• [WHAT IS REQUIRED]
Only one stretch of the records below should be repeated. It starts with the line containing "(DR_second F G) \<le>" and goes on through the line containing "using A by (simp", exactly as written.

• [EXERCISE DATA]
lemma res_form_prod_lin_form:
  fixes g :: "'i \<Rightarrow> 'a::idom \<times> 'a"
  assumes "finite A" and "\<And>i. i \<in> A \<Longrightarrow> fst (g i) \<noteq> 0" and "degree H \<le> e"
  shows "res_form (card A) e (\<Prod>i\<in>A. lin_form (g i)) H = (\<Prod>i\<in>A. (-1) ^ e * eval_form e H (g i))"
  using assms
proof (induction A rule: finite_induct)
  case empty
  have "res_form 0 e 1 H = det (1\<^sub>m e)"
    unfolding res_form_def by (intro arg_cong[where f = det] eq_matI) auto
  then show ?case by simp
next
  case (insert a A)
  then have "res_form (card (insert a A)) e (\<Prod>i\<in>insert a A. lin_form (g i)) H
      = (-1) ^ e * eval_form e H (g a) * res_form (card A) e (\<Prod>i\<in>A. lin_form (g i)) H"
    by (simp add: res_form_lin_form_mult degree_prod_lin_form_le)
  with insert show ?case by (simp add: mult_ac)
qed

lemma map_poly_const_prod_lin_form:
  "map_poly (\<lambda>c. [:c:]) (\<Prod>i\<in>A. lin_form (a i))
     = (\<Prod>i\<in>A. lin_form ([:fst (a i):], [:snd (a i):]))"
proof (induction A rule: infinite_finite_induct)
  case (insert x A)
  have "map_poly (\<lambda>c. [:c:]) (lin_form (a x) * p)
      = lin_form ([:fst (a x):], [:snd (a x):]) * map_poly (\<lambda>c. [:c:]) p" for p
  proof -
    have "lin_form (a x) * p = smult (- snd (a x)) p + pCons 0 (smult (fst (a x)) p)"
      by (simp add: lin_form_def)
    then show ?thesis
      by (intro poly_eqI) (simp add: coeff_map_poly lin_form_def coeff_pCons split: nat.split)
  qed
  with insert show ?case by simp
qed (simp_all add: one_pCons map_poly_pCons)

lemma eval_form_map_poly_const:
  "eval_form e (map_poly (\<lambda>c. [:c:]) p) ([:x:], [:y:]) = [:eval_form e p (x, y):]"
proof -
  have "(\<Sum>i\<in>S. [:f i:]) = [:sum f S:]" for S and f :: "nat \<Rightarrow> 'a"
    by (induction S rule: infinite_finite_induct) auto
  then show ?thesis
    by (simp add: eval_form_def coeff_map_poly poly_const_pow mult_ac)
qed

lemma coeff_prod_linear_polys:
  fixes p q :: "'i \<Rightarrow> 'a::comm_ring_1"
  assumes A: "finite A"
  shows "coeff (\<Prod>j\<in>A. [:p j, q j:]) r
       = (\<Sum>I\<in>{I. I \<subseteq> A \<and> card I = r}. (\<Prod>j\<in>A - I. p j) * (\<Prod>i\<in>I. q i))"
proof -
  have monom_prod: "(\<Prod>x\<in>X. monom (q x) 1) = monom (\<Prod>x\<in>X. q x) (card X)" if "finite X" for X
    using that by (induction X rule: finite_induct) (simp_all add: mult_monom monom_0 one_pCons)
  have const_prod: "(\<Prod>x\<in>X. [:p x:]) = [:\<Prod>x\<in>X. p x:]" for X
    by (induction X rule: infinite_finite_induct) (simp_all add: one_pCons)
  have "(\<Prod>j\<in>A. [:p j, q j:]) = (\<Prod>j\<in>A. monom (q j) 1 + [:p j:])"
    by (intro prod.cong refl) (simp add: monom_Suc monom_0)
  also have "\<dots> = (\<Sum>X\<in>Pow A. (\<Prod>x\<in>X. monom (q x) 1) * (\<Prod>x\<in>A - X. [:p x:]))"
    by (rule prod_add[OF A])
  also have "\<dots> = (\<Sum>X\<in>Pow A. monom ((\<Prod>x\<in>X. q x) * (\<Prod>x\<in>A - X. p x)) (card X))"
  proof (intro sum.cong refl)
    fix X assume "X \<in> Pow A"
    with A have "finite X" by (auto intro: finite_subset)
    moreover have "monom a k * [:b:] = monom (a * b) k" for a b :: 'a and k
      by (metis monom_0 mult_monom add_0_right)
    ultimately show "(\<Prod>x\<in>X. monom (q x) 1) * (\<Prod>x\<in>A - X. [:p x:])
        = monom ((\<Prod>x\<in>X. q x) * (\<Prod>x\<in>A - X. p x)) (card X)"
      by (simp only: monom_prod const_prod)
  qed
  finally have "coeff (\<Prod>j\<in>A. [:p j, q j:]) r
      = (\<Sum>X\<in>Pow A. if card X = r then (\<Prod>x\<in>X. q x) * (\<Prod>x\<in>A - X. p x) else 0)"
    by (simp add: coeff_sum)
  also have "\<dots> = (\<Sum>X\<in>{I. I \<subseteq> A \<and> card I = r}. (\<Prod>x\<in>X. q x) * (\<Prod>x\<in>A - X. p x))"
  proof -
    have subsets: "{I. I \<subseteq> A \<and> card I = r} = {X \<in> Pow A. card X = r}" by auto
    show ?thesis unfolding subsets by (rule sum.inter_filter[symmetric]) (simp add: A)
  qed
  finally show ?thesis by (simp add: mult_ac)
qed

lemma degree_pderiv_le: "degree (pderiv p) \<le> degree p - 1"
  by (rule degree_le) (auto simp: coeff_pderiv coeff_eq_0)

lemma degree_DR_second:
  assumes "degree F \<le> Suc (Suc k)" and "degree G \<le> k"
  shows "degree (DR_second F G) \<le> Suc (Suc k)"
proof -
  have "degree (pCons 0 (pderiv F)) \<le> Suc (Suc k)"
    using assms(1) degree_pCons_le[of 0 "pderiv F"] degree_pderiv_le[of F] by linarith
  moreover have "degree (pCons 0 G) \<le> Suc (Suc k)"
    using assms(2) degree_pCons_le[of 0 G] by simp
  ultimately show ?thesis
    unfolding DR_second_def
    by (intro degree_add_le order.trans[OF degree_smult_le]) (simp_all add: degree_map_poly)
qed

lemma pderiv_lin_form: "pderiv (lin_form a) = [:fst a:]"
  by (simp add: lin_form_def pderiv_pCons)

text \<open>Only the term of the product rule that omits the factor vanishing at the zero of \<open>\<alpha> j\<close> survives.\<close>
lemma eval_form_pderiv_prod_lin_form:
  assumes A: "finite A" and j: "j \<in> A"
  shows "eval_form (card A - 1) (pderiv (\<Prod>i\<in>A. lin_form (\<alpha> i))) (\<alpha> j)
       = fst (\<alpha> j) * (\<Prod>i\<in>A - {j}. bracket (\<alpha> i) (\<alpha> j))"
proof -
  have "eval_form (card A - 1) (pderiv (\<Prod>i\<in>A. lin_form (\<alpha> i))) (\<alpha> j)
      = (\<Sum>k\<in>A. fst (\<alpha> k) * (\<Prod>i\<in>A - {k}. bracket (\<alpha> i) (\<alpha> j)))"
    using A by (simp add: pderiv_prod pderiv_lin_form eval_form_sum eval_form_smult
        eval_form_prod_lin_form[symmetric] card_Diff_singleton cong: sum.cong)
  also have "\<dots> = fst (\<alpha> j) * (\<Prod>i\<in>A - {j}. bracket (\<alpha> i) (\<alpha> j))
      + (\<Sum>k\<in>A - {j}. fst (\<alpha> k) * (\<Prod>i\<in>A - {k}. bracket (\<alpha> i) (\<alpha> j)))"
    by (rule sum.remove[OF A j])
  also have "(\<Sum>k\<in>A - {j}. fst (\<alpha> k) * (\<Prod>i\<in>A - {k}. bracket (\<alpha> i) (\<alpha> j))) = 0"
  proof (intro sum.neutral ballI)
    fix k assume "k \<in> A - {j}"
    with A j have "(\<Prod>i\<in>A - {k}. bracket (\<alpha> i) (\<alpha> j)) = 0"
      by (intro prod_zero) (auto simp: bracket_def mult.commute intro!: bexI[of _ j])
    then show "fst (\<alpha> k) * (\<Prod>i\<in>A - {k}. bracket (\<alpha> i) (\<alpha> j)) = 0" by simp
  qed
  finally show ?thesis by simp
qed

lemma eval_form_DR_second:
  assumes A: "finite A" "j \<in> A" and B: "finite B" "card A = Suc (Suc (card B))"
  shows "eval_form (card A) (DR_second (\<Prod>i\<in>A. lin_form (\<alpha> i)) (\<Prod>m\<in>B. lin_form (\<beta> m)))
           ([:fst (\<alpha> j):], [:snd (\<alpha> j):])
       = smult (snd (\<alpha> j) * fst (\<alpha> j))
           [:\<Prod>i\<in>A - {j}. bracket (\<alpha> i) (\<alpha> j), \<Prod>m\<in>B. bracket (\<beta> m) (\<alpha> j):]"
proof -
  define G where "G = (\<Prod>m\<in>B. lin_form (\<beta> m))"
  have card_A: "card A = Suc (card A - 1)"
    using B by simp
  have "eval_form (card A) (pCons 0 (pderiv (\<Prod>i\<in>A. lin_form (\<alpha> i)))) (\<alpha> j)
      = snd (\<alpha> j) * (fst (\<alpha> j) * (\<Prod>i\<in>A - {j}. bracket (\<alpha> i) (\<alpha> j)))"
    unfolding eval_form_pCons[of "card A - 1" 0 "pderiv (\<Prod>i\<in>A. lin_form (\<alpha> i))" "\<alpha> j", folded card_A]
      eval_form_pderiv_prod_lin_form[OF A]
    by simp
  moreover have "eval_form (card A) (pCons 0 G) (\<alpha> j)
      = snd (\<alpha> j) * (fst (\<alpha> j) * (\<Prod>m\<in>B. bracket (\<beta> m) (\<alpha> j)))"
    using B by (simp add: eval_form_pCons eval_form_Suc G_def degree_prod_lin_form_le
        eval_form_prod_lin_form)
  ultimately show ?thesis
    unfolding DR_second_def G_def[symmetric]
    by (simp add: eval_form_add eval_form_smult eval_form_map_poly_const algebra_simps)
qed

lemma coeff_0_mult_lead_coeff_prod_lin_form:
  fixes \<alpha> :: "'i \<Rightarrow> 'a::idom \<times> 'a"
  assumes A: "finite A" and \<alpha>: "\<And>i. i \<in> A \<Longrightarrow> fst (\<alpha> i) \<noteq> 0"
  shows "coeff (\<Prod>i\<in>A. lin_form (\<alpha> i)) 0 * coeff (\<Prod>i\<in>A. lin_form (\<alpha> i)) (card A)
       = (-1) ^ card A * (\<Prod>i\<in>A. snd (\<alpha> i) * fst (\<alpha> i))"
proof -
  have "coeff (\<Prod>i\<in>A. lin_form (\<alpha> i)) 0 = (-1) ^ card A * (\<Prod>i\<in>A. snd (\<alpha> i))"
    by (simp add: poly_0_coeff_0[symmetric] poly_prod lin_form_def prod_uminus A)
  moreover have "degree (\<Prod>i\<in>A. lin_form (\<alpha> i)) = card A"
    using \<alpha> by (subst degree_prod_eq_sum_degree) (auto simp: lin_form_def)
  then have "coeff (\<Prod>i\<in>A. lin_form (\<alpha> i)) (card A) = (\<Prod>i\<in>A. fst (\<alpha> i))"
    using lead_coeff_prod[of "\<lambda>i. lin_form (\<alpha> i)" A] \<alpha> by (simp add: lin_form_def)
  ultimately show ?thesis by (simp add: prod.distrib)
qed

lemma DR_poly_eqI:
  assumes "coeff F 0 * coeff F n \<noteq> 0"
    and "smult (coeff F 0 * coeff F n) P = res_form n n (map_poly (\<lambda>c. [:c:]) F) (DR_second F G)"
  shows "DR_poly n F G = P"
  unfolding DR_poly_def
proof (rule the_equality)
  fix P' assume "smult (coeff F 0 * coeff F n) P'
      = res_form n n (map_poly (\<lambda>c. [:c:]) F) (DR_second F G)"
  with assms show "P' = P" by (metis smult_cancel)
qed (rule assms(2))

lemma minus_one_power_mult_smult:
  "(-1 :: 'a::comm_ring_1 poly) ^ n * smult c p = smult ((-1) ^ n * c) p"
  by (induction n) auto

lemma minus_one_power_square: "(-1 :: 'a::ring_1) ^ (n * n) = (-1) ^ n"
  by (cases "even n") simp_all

• [TASK ANSWER]
  shows "degree (DR_second F G) \<le> Suc (Suc k)"
proof -
  have "degree (pCons 0 (pderiv F)) \<le> Suc (Suc k)"
    using assms(1) degree_pCons_le[of 0 "pderiv F"] degree_pderiv_le[of F] by linarith
  moreover have "degree (pCons 0 G) \<le> Suc (Suc k)"
    using assms(2) degree_pCons_le[of 0 G] by simp
  ultimately show ?thesis
    unfolding DR_second_def
    by (intro degree_add_le order.trans[OF degree_smult_le]) (simp_all add: degree_map_poly)
qed

lemma pderiv_lin_form: "pderiv (lin_form a) = [:fst a:]"
  by (simp add: lin_form_def pderiv_pCons)

text \<open>Only the term of the product rule that omits the factor vanishing at the zero of \<open>\<alpha> j\<close> survives.\<close>
lemma eval_form_pderiv_prod_lin_form:
  assumes A: "finite A" and j: "j \<in> A"
  shows "eval_form (card A - 1) (pderiv (\<Prod>i\<in>A. lin_form (\<alpha> i))) (\<alpha> j)
       = fst (\<alpha> j) * (\<Prod>i\<in>A - {j}. bracket (\<alpha> i) (\<alpha> j))"
proof -
  have "eval_form (card A - 1) (pderiv (\<Prod>i\<in>A. lin_form (\<alpha> i))) (\<alpha> j)
      = (\<Sum>k\<in>A. fst (\<alpha> k) * (\<Prod>i\<in>A - {k}. bracket (\<alpha> i) (\<alpha> j)))"
    using A by (simp add: pderiv_prod pderiv_lin_form eval_form_sum eval_form_smult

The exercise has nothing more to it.